— EXCERPTED DATA —
lemma Tmono_frozen_column:
  assumes "c \<in> {1,3}"
  shows "length is = length m \<Longrightarrow> set is \<subseteq> {1,2,3} \<Longrightarrow> a \<in> {1,2,3} \<Longrightarrow>
    Tmono q s z l m a c is (replicate (length m) c) =
    (if a = c \<and> is = replicate (length m) c then (\<Prod>\<mu>\<leftarrow>m. wa q z (l - \<mu>)) else 0)"
proof (induction m arbitrary: a "is")
  case (Cons \<mu> m)
  then obtain i is' where "is = i # is'" "length is' = length m" "i \<in> {1,2,3}" "set is' \<subseteq> {1,2,3}"
    by (cases "is") auto
  have "Tmono q s z l (\<mu> # m) a c is (replicate (length (\<mu> # m)) c)
      = (\<Sum>d\<in>{1,2,3}. Rloc q s z (l - \<mu>) a i d c *
          (if d = c \<and> is' = replicate (length m) c then (\<Prod>\<nu>\<leftarrow>m. wa q z (l - \<nu>)) else 0))"
    using Cons.IH \<open>is = i # is'\<close> \<open>length is' = length m\<close> \<open>set is' \<subseteq> {1,2,3}\<close> by simp
  also have "\<dots> = Rloc q s z (l - \<mu>) a i c c *
      (if is' = replicate (length m) c then (\<Prod>\<nu>\<leftarrow>m. wa q z (l - \<nu>)) else 0)"
    using assms by (auto simp: sum_123)
  finally show ?case
    using assms Cons.prems(3) \<open>i \<in> {1,2,3}\<close> by (auto simp: \<open>is = i # is'\<close> Rloc_corner)
qed simp

lemma weights_zero:
  "wb q z 0 = 0" "wc q z 0 = wa q z 0" "wcb q z 0 = wa q z 0"
  "\<beta> \<le> 3 \<Longrightarrow> wd q s z \<alpha> \<beta> 0 = (if \<alpha> + \<beta> = 4 then wa q z 0 else 0)"
  by (auto simp: wa_def wb_def wc_def wcb_def wd_def Let_def algebra_simps)

lemma Rloc_zero_eq_permutation:
  assumes "\<alpha> \<in> {1,2,3}" "i \<in> {1,2,3}" "\<beta> \<in> {1,2,3}" "j \<in> {1,2,3}"
  shows "Rloc q s z 0 \<alpha> i \<beta> j = (if \<alpha> = j \<and> i = \<beta> then wa q z 0 else 0)"
  using assms by (elim insertE emptyE; simp add: Rloc_def Rmat_def weights_zero)

lemma Tmono_at_inhomogeneity:
  assumes "length is1 = length m1" "length is2 = length m2"
    and "i \<in> {1,2,3}" "set is1 \<subseteq> {1,2,3}" "set is2 \<subseteq> {1,2,3}"
  shows "Tmono q s z \<mu> (m1 @ \<mu> # m2) 1 3 (is1 @ i # is2) (replicate (length m1) 1 @ 1 # replicate (length m2) 3) =
    (if is1 = replicate (length m1) 1 \<and> i = 3 \<and> is2 = replicate (length m2) 3
     then (\<Prod>\<nu>\<leftarrow>m1 @ \<mu> # m2. wa q z (\<mu> - \<nu>)) else 0)"
proof -
  let ?ones = "replicate (length m1) (1::nat)"
  let ?threes = "replicate (length m2) (3::nat)"
  have middle: "Tmono q s z \<mu> (\<mu> # m2) g 3 (i # is2) (1 # ?threes) =
      (if g = 1 then wa q z 0 * Tmono q s z \<mu> m2 i 3 is2 ?threes else 0)" if "g \<in> {1,2,3}" for g
    using that assms(3) by (auto simp: sum_123 Rloc_zero_eq_permutation)
  have "Tmono q s z \<mu> (m1 @ \<mu> # m2) 1 3 (is1 @ i # is2) (?ones @ 1 # ?threes) =
      (\<Sum>g\<in>{1,2,3}. Tmono q s z \<mu> m1 1 g is1 ?ones * Tmono q s z \<mu> (\<mu> # m2) g 3 (i # is2) (1 # ?threes))"
    using assms(1) by (intro Tmono_append) auto
  also have "\<dots> = (\<Sum>g\<in>{1,2,3}. Tmono q s z \<mu> m1 1 g is1 ?ones *
      (if g = 1 then wa q z 0 * Tmono q s z \<mu> m2 i 3 is2 ?threes else 0))"
    by (intro sum.cong refl) (simp only: middle)
  also have "\<dots> = Tmono q s z \<mu> m1 1 1 is1 ?ones * (wa q z 0 * Tmono q s z \<mu> m2 i 3 is2 ?threes)"
    by (simp add: sum_123)
  finally show ?thesis
    using Tmono_frozen_column[of 1 is1 m1 1] Tmono_frozen_column[of 3 is2 m2 i] assms by auto
qed

section \<open>The partition function\<close>

definition ket :: "nat list \<Rightarrow> nat list \<Rightarrow> complex" where
  "ket w = (\<lambda>js. if js = w then 1 else 0)"

text \<open>Off the basis states \<open>applyE\<close> reads \<open>Rloc\<close> at indices outside \<open>{1,2,3}\<close>, where it is
  junk; cutting the result down to the states makes the \<open>E\<close>-operators commute as functions.\<close>
definition applyE_states ::
    "complex \<Rightarrow> complex \<Rightarrow> complex \<Rightarrow> complex list \<Rightarrow> complex \<Rightarrow> (nat list \<Rightarrow> complex) \<Rightarrow> nat list \<Rightarrow> complex" where
  "applyE_states q s z mus l v = (\<lambda>is. if is \<in> states (length mus) then applyE q s z mus l v is else 0)"

lemma applyE_states_apply:
  "applyE_states q s z mus l v is = (if is \<in> states (length mus) then applyE q s z mus l v is else 0)"
  by (simp add: applyE_states_def)

lemma applyE_cong:
  "(\<And>js. js \<in> states (length mus) \<Longrightarrow> v js = w js) \<Longrightarrow> applyE q s z mus l v = applyE q s z mus l w"
  unfolding applyE_def by (intro ext sum.cong) auto
lemma admissible_mult_Jmat_commute:
  assumes "0 < n" and adm: "admissible n HH"
  shows "cmat HH * Jmat n v * Bmat n \<alpha> = Bmat n \<alpha> * (cmat HH * Jmat n v)"
proof -
  have H: "cmat HH \<in> carrier_mat (2*n) (2*n)" using adm by (simp add: admissible_def cmat_carrier_iff)
  have "cmat HH * Jmat n v * Bmat n \<alpha> = cmat HH * transpose_mat (Bmat n \<alpha>) * Jmat n v"
    using H by (simp add: assoc_mult_mat[of _ "2*n" "2*n" _ "2*n" _ "2*n"] Jmat_mult_Bmat[OF assms(1)])
  then show ?thesis
    using H by (simp add: admissible_mult_transpose_Bmat[OF adm] assoc_mult_mat[of _ "2*n" "2*n" _ "2*n" _ "2*n"])
qed

lemma jacobian_hamvf_admissible_commute:
  assumes "0 < n" and adm: "admissible n HH" and x: "x \<in> carrier_vec (2*n)"
  shows "jacobian (2*n) (hamvf n (cmat HH)) x * transpose_mat (Bmat n \<alpha>) =
         transpose_mat (Bmat n \<alpha>) * jacobian (2*n) (hamvf n (cmat HH)) x"
proof -
  have H: "cmat HH \<in> carrier_mat (2*n) (2*n)" using adm by (simp add: admissible_def cmat_carrier_iff)
  then have z: "cmat HH *\<^sub>v cvec x \<in> carrier_vec (2*n)" using x by simp
  let ?Bt = "transpose_mat (Bmat n \<alpha>)" and ?JH = "Jmat n (cvec x) * cmat HH"
    and ?D = "Jmat_dual n (cmat HH *\<^sub>v cvec x)"
  have "(?JH + ?D) * ?Bt = ?JH * ?Bt + ?D * ?Bt"
    using H by (intro add_mult_distrib_mat[of _ "2*n" "2*n" _ _ "2*n"]) auto
  also have "\<dots> = ?Bt * ?JH + ?Bt * ?D"
    by (simp add: Jmat_mult_admissible_commute[OF assms(1,2)] Jmat_dual_mult_transpose_Bmat[OF assms(1) z])
  also have "\<dots> = ?Bt * (?JH + ?D)"
    using H by (intro mult_add_distrib_mat[of _ "2*n" "2*n" _ "2*n", symmetric]) auto
  finally show ?thesis by (simp add: jacobian_hamvf[OF x H])
qed


section \<open>Cancelling an involution\<close>

lemma involution_cancel_square:
  assumes P: "P \<in> carrier_mat m m" and F: "F \<in> carrier_mat m m"
    and PP: "P * P = 1\<^sub>m m" and FP: "F * P = P * (F :: 'a::comm_ring_1 mat)"
  shows "(P * F) * (P * F) = F * F"
proof -
  have "(P * F) * (P * F) = P * ((F * P) * F)"
    using P F by (simp add: assoc_mult_mat[of _ m m _ m _ m])
  also have "\<dots> = (P * P) * (F * F)"
    unfolding FP using P F by (simp add: assoc_mult_mat[of _ m m _ m _ m])
  also have "\<dots> = F * F"
    using F by (simp add: PP)
  finally show ?thesis .
qed

lemma involution_cancel_mult_vec:
  assumes P: "P \<in> carrier_mat m m" and F: "F \<in> carrier_mat m m" and v: "v \<in> carrier_vec m"
    and PP: "P * P = 1\<^sub>m m" and FP: "F * P = P * (F :: 'a::comm_ring_1 mat)"
  shows "(P * F) *\<^sub>v (P *\<^sub>v v) = F *\<^sub>v v"
proof -
  have "(P * F) *\<^sub>v (P *\<^sub>v v) = (P * (F * P)) *\<^sub>v v"
    using P F v by (simp add: assoc_mult_mat_vec[of _ m m _ m] assoc_mult_mat[of _ m m _ m _ m])
  also have "\<dots> = ((P * P) * F) *\<^sub>v v"
    unfolding FP using P F by (simp add: assoc_mult_mat[of _ m m _ m _ m])
  also have "\<dots> = F *\<^sub>v v"
    using F by (simp add: PP)
  finally show ?thesis .
qed

lemma commute_mult_left_commute:
  assumes P: "P \<in> carrier_mat m m" and F: "F \<in> carrier_mat m m"
    and FP: "F * P = P * (F :: 'a::comm_ring_1 mat)"
  shows "F * (P * F) = (P * F) * F"
proof -
  have "F * (P * F) = (F * P) * F" using P F by (simp add: assoc_mult_mat[of _ m m _ m _ m])
  then show ?thesis by (simp add: FP)
qed


theorem mainTheorem17:
  fixes n :: nat and HH :: "real mat" and \<alpha> :: "nat \<Rightarrow> complex" and x :: "real vec"
  assumes n2: "n \<ge> 2"
    and adm: "admissible n HH"
    and B2: "Bmat n \<alpha> * Bmat n \<alpha> = 1\<^sub>m (2*n)"
    and x: "x \<in> carrier_vec (2*n)"
  defines "Hc \<equiv> cmat HH"
    and "KK \<equiv> Bmat n \<alpha> * cmat HH"
    and "f \<equiv> hamvf n (cmat HH)"
    and "g \<equiv> hamvf n (Bmat n \<alpha> * cmat HH)"
    and "JJ \<equiv> Jmat n (cvec x)"
  shows "jacobian (2*n) g x *\<^sub>v g x = jacobian (2*n) f x *\<^sub>v f x \<and>
         jacobian (2*n) g x * jacobian (2*n) g x = jacobian (2*n) f x * jacobian (2*n) f x \<and>
         JJ * Hc * (JJ * KK) = JJ * KK * (JJ * Hc) \<and>
         JJ * Hc * (JJ * Hc) = JJ * KK * (JJ * KK) \<and>
         Hc * JJ * (Hc * JJ) = KK * JJ * (KK * JJ)"
proof -
  let ?B = "Bmat n \<alpha>" and ?Bt = "transpose_mat (Bmat n \<alpha>)"
  have n: "0 < n" using n2 by simp
  have H: "Hc \<in> carrier_mat (2*n) (2*n)" using adm by (simp add: Hc_def admissible_def cmat_carrier_iff)
  have BtBt: "?Bt * ?Bt = 1\<^sub>m (2*n)"
    using arg_cong[OF B2, of transpose_mat] by (simp add: transpose_mult[of _ "2*n" "2*n" _ "2*n"])
  have f': "jacobian (2*n) f x \<in> carrier_mat (2*n) (2*n)" by (simp add: jacobian_def)
  have g: "g x = ?Bt *\<^sub>v f x" and g': "jacobian (2*n) g x = ?Bt * jacobian (2*n) f x"
    using hamvf_Bmat_mult[OF n H x] jacobian_hamvf_Bmat_mult[OF n H x] by (simp_all add: f_def g_def Hc_def)
  have f'B: "jacobian (2*n) f x * ?Bt = ?Bt * jacobian (2*n) f x"
    unfolding f_def by (rule jacobian_hamvf_admissible_commute[OF n adm x])
  have JK: "JJ * KK = ?Bt * (JJ * Hc)"
    using Jmat_mult_Bmat_mult[OF n H] by (simp add: JJ_def KK_def Hc_def)
  have JHB: "JJ * Hc * ?Bt = ?Bt * (JJ * Hc)"
    using Jmat_mult_admissible_commute[OF n adm] by (simp add: JJ_def Hc_def)
  have KJ: "KK * JJ = ?B * (Hc * JJ)"
    using H by (simp add: KK_def Hc_def JJ_def assoc_mult_mat[of _ "2*n" "2*n" _ "2*n" _ "2*n"])
  have HJB: "Hc * JJ * ?B = ?B * (Hc * JJ)"
    using admissible_mult_Jmat_commute[OF n adm] by (simp add: JJ_def Hc_def)
  have fx: "f x \<in> carrier_vec (2*n)"
    unfolding f_def hamvf_def using H x unfolding Hc_def by (intro mult_mat_vec_carrier[OF Jmat_carrier]) simp
  have Bt: "?Bt \<in> carrier_mat (2*n) (2*n)" by simp
  have JH: "JJ * Hc \<in> carrier_mat (2*n) (2*n)" and HJ: "Hc * JJ \<in> carrier_mat (2*n) (2*n)"
    using H by (simp_all add: JJ_def)
  show ?thesis
    unfolding g g' JK KJ
    by (intro conjI involution_cancel_mult_vec[OF Bt f' fx BtBt f'B] involution_cancel_square[OF Bt f' BtBt f'B]
        commute_mult_left_commute[OF Bt JH JHB] involution_cancel_square[OF Bt JH BtBt JHB, symmetric]
        involution_cancel_square[OF Bmat_carrier HJ B2 HJB, symmetric])
qed

end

— TASK ITEM —
Restate, word for word and with nothing added, the lines from the first line of the listing through the one where "case (Cons \<mu> m)" stands.

— EXERCISE SOLUTION —
lemma Tmono_frozen_column:
  assumes "c \<in> {1,3}"
  shows "length is = length m \<Longrightarrow> set is \<subseteq> {1,2,3} \<Longrightarrow> a \<in> {1,2,3} \<Longrightarrow>
    Tmono q s z l m a c is (replicate (length m) c) =
    (if a = c \<and> is = replicate (length m) c then (\<Prod>\<mu>\<leftarrow>m. wa q z (l - \<mu>)) else 0)"
proof (induction m arbitrary: a "is")
  case (Cons \<mu> m)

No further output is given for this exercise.